In Table 2, we indicated the number and percentage of surveys included in the analysis, i.e., the surveys that passed the fitting test. In total, the 90% criterion restricts the analysis to 61 DHS surveys (30%), while the 99% criterion allows us to work with 109 surveys (53%). The breakdown by world region shows that most of the excluded surveys were collected in Sub-Saharan Africa. Only one survey out of 73 (Ethiopia 2016) was kept under the looser fitting criterion (99%). This is consistent with the specificities found for this region compared to the VR data. In contrast, in the other regions, the model fitted a majority of surveys, in particular when considering the 99% fitting criterion. This is the case for the groups of countries in North Africa, West Asia and Europe (85% of surveys included) and Latin America and the Caribbean (85%). The group of Central, South, and Southeast Asian countries benefits from a slightly lesser proportion of good fit (78%). Results for individual surveys (see below) show that some Asian countries display similar age pattern of under-5 mortality than in Sub-Saharan Africa.

thumbnail
Table 2. Numbers and percentages of surveys included in the analysis according to the 90% and 99% maximum values of fitting error.
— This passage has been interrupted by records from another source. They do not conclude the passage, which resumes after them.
lemma keyed_chi_square:
  fixes \<mu> :: "'m pmf" and X :: "'x pmf" and g :: "'m \<Rightarrow> 'x \<Rightarrow> 'y"
  assumes fin\<mu>: "finite (set_pmf \<mu>)" and finY: "finite Y" and Yne: "Y \<noteq> {}"
    and finX: "finite \<Omega>" and subX: "set_pmf X \<subseteq> \<Omega>" and gY: "\<And>M x. g M x \<in> Y"
  shows "(\<Sum>\<omega>\<in>set_pmf (pair_pmf \<mu> (pmf_of_set Y)).
            (pmf (map_pmf (\<lambda>(M, x). (M, g M x)) (pair_pmf \<mu> X)) \<omega>)^2 / pmf (pair_pmf \<mu> (pmf_of_set Y)) \<omega>)
         = real (card Y) * (\<Sum>x\<in>\<Omega>. \<Sum>x'\<in>\<Omega>. pmf X x * pmf X x' * measure_pmf.prob \<mu> {M. g M x = g M x'})"
proof -
  let ?D = "\<lambda>M. pmf (map_pmf (g M) X)"
  have cY: "real (card Y) > 0" using finY Yne by (simp add: card_gt_0_iff)
  have "(\<Sum>\<omega>\<in>set_pmf (pair_pmf \<mu> (pmf_of_set Y)).
            (pmf (map_pmf (\<lambda>(M, x). (M, g M x)) (pair_pmf \<mu> X)) \<omega>)^2 / pmf (pair_pmf \<mu> (pmf_of_set Y)) \<omega>)
        = (\<Sum>M\<in>set_pmf \<mu>. \<Sum>y\<in>Y. (pmf \<mu> M * ?D M y)^2 / (pmf \<mu> M / real (card Y)))"
  proof -
    have "set_pmf (pair_pmf \<mu> (pmf_of_set Y)) = set_pmf \<mu> \<times> Y" using finY Yne by simp
    moreover have "pmf (pmf_of_set Y) y = 1 / real (card Y)" if "y \<in> Y" for y
      using finY Yne that by simp
    ultimately show ?thesis unfolding sum.cartesian_product
      by (intro sum.cong refl) (auto simp: pmf_keyed_pair pmf_pair)
  qed
  also have "\<dots> = (\<Sum>M\<in>set_pmf \<mu>. pmf \<mu> M * real (card Y) * (\<Sum>y\<in>Y. (?D M y)^2))"
  proof (intro sum.cong refl)
    fix M assume "M \<in> set_pmf \<mu>"
    then have "pmf \<mu> M > 0" by (simp add: pmf_positive)
    then show "(\<Sum>y\<in>Y. (pmf \<mu> M * ?D M y)^2 / (pmf \<mu> M / real (card Y)))
               = pmf \<mu> M * real (card Y) * (\<Sum>y\<in>Y. (?D M y)^2)"
      using cY by (simp add: sum_distrib_left power2_eq_square field_simps)
  qed
  also have "\<dots> = real (card Y) * (\<Sum>x\<in>\<Omega>. \<Sum>x'\<in>\<Omega>. pmf X x * pmf X x' *
                    (\<Sum>M\<in>set_pmf \<mu>. pmf \<mu> M * of_bool (g M x = g M x')))"
    unfolding sum_sq_pmf_map[OF finY gY finX subX]
    by (simp add: sum_distrib_left sum_distrib_right algebra_simps sum.swap[of _ "set_pmf \<mu>"])
  also have "\<dots> = real (card Y) * (\<Sum>x\<in>\<Omega>. \<Sum>x'\<in>\<Omega>. pmf X x * pmf X x' * measure_pmf.prob \<mu> {M. g M x = g M x'})"
    by (simp add: prob_eq_sum_of_bool[OF fin\<mu> order_refl])
  finally show ?thesis .
qed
https://doi.org/10.1371/journal.pone.0259304.t002

The selected surveys represent a pool of surveys for which we are confident that the k-model can summarize the underlying age pattern of under-5-five mortality and thus produce a robust prediction of the IMR. On the basis of these surveys, we evaluated the magnitude of the bias affecting the observed IMR estimates. In addition, we compared our predictions with values predicted on the basis of the MLT approach. To produce these MLT estimates, we selected the model families established by the UN IGME for each country.
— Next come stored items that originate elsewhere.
lemma q_nonneg: "j \<le> c \<Longrightarrow> 0 \<le> q j"
proof (induction j)
  case (Suc j)
  then show ?case
    using q_Suc_low[of j] q_Suc_high[of j] c_gt_1 u_pos u_le by (cases "j < tau") auto
qed (simp add: q_0)

lemma power_le_q: "k \<le> tau \<Longrightarrow> (1 + u/2) ^ k \<le> q k"
proof (induction k)
  case (Suc k)
  have "(1 + u/2) * (real c * (1 - u)) \<le> real c * (1 - u/2)"
    using c_gt_1 u_pos by (simp add: algebra_simps)
  also have "\<dots> \<le> real c - real k"
    using tau_le Suc.prems by (simp add: algebra_simps)
  finally have "1 + u/2 \<le> (real c - real k) / (real c * (1 - u))"
    using c_gt_1 u_le by (simp add: field_simps)
  then have "(1 + u/2) ^ k * (1 + u/2) \<le> q k * ((real c - real k) / (real c * (1 - u)))"
    using Suc u_pos q_nonneg[of k] tau_le_c by (intro mult_mono) auto
  then show ?case using q_Suc_low[of k] Suc.prems by (simp add: mult.commute)
qed (simp add: q_0)

lemma c_le_q_tau: "real c \<le> q tau"
proof -
  have "u/2 - (u/2)^2 \<le> ln (1 + u/2)"
    using u_pos u_le by (intro ln_one_plus_pos_lower_bound) auto
  moreover have "u/4 \<le> u/2 - (u/2)^2"
    using u_pos u_le by (simp add: power2_eq_square field_simps)
  ultimately have "real tau * (u/4) \<le> real tau * ln (1 + u/2)"
    by (intro mult_left_mono) auto
  then have "ln (real c) \<le> real tau * ln (1 + u/2)"
    using tau_ge by simp
  then have "real c \<le> (1 + u/2) ^ tau"
    using c_gt_1 u_pos by (subst (asm) ln_realpow[symmetric]) auto
  also have "\<dots> \<le> q tau" by (rule power_le_q) simp
  finally show ?thesis .
qed

lemma q_le_sum: "j \<le> c \<Longrightarrow> q j \<le> (\<Sum>i=0..c. q i)"
  using q_nonneg by (intro member_le_sum) auto

lemma q_tau_mult_power_le: "k \<le> tau \<Longrightarrow> q tau * (1 - u) ^ k \<le> q (tau - k)"
proof (induction k)
  case (Suc k)
  define j where "j = tau - Suc k"
  have j: "j < tau" "Suc j = tau - k" using Suc.prems by (auto simp: j_def)
  have "(real c - real j) / (real c * (1 - u)) \<le> 1 / (1 - u)"
    using c_gt_1 u_pos u_le mult_left_le_one_le[of "real j" u] by (simp add: field_simps)
  then have "q j * ((real c - real j) / (real c * (1 - u))) \<le> q j * (1 / (1 - u))"
    using q_nonneg[of j] j tau_le_c by (intro mult_left_mono) auto
  then have "q (Suc j) \<le> q j / (1 - u)" using q_Suc_low[OF j(1)] by simp
  then have "q (Suc j) * (1 - u) \<le> q j" using u_le by (simp add: field_simps)
  moreover have "q tau * (1 - u) ^ k * (1 - u) \<le> q (Suc j) * (1 - u)"
    using Suc j u_le by (intro mult_right_mono) auto
  ultimately have "q tau * (1 - u) ^ k * (1 - u) \<le> q j" by linarith
  then show ?case unfolding j_def power_Suc2 by (simp add: mult.assoc)
qed simp

lemma q_tau_le_mult_sum: "q tau \<le> 2 * u * (\<Sum>j=0..c. q j)"
proof -
  have "(1 - u) ^ Suc tau \<le> exp (- u) ^ Suc tau"
    using u_le by (intro power_mono) (auto simp: exp_ge_add_one_self[of "-u", simplified])
  also have "\<dots> = exp (- (real (Suc tau) * u))" by (simp add: algebra_simps flip: exp_of_nat_mult exp_add)
  also have "\<dots> \<le> exp (- 4)" using tau_u_ge u_pos by (simp add: algebra_simps)
  also have "\<dots> \<le> 1/2"
    using exp_ge_add_one_self[of 4] by (simp add: exp_minus field_simps)
  finally have geometric_tail: "(1 - u) ^ Suc tau \<le> 1/2" .
  have "1 / (2 * u) \<le> (1 - (1 - u) ^ Suc tau) / u"
    using geometric_tail u_pos by (simp add: field_simps)
  then have "q tau * (1 / (2 * u)) \<le> q tau * ((1 - (1 - u) ^ Suc tau) / u)"
    using c_le_q_tau c_gt_1 by (intro mult_left_mono) auto
  also have "(1 - (1 - u) ^ Suc tau) / u = (\<Sum>k<Suc tau. (1 - u) ^ k)"
    using u_pos by (subst sum_gp_strict) (simp del: power_Suc)
  also have "q tau * \<dots> = (\<Sum>k=0..tau. q tau * (1 - u) ^ k)"
    by (simp add: atLeast0AtMost lessThan_Suc_atMost sum_distrib_left)
  also have "\<dots> \<le> (\<Sum>k=0..tau. q (tau - k))"
    using q_tau_mult_power_le by (intro sum_mono) auto
  also have "\<dots> = (\<Sum>j=0..tau. q j)"
    by (subst sum.atLeastAtMost_rev) simp
  also have "\<dots> \<le> (\<Sum>j=0..c. q j)"
    using tau_le_c q_nonneg by (intro sum_mono2) auto
  finally show ?thesis using u_pos by (simp add: field_simps)
qed

lemma q_le_q_tau_mult_power: "tau + k \<le> c \<Longrightarrow> q (tau + k) \<le> q tau * (1 / (1 + u)) ^ k"
proof (induction k)
  case (Suc k)
  have "(real c - real (tau + k)) / (real c * (1 + u)) \<le> real c / (real c * (1 + u))"
    using c_gt_1 u_pos by (intro divide_right_mono) auto
  also have "\<dots> = 1 / (1 + u)" using c_gt_1 by simp
  finally have "(real c - real (tau + k)) / (real c * (1 + u)) \<le> 1 / (1 + u)" .
  then have "q (tau + k) * ((real c - real (tau + k)) / (real c * (1 + u))) \<le> q (tau + k) * (1 / (1 + u))"
    using q_nonneg Suc.prems by (intro mult_left_mono) auto
  also have "\<dots> \<le> q tau * (1 / (1 + u)) ^ k * (1 / (1 + u))"
    using Suc u_pos by (intro mult_right_mono) auto
  finally show ?case
    using q_Suc_high[of "tau + k"] Suc.prems by (simp add: mult.assoc)
qed simp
Fig 4 displays predicted vs. observed ratios of the IMR in retained DHS surveys, by world region. The results are similar for both the 90% and 99% maximum values of fitting errors: the k-model tends to predict values that are on average about 2% higher than the observed ones, suggesting that observed IMRs in the DHS tend to be underestimated. Although this result is consistent with expectations, the magnitude of the bias is small. In total, most ratios are situated between 0.95 and 1.05: 74% with the 99% fitting criterion and 87% with the stricter one. For the looser criterion, the ratio hardly goes beyond 1.10. In North Africa, West Asia, and Europe it does not go over 1.05.

thumbnail
Fig 4. Predicted vs observed ratio of the IMR in individual DHS surveys by world region with predictions made using the k-model or MLTs.

CSSA is for Central, South, and Southeast Asia. LAC is for Latin America & Caribbean. NA/WA/E is for North Africa/West Asia/Europe. Sub-Saharan Africa results are not showed because they include only one survey.

https://doi.org/10.1371/journal.pone.0259304.g004

Fig 5 displays the same results but classified by decade. It shows that the bias was larger during the first decade of the DHS Program and was reduced thereafter. This is likely the result of the early awareness of the issue and the subsequent improvement of the data collection during the fieldwork.

thumbnail
Fig 5. Predicted vs observed ratio of the IMR in individual DHS surveys by decade with predictions made using the k-model or MLTs.

https://doi.org/10.1371/journal.pone.0259304.g005

In contrast with the k-model, the traditional MLT approach predicts lower values of IMR, larger dispersion, and less bias on average. The MLT results also indicate that the IMR would tend to be more overestimated than underestimated in DHS surveys, especially for recent periods.

Overall, our results suggest that the direct estimates of the IMR using DHS birth histories are more robust than previously thought. This conclusion holds for the two criteria adopted to evaluate the goodness of fit. However, in order to use the k-model for correction, it is necessary to evaluate surveys individually, in particular those whose prediction errors are close to the boundaries of the fitting criteria. The analysis of individual surveys also permits to better understand the mechanisms producing the heaping at age 12 months and thus the bias in the IMR.

In the next three figures, we compared the observed and predicted cumulative probabilities of dying for selected surveys. Figs 6 and 7 show surveys satisfying the 90% and 99% maximum values of prediction error respectively, while Fig 8 shows excluded cases.

thumbnail
Fig 6. Examples of surveys with very good fit of the k-model.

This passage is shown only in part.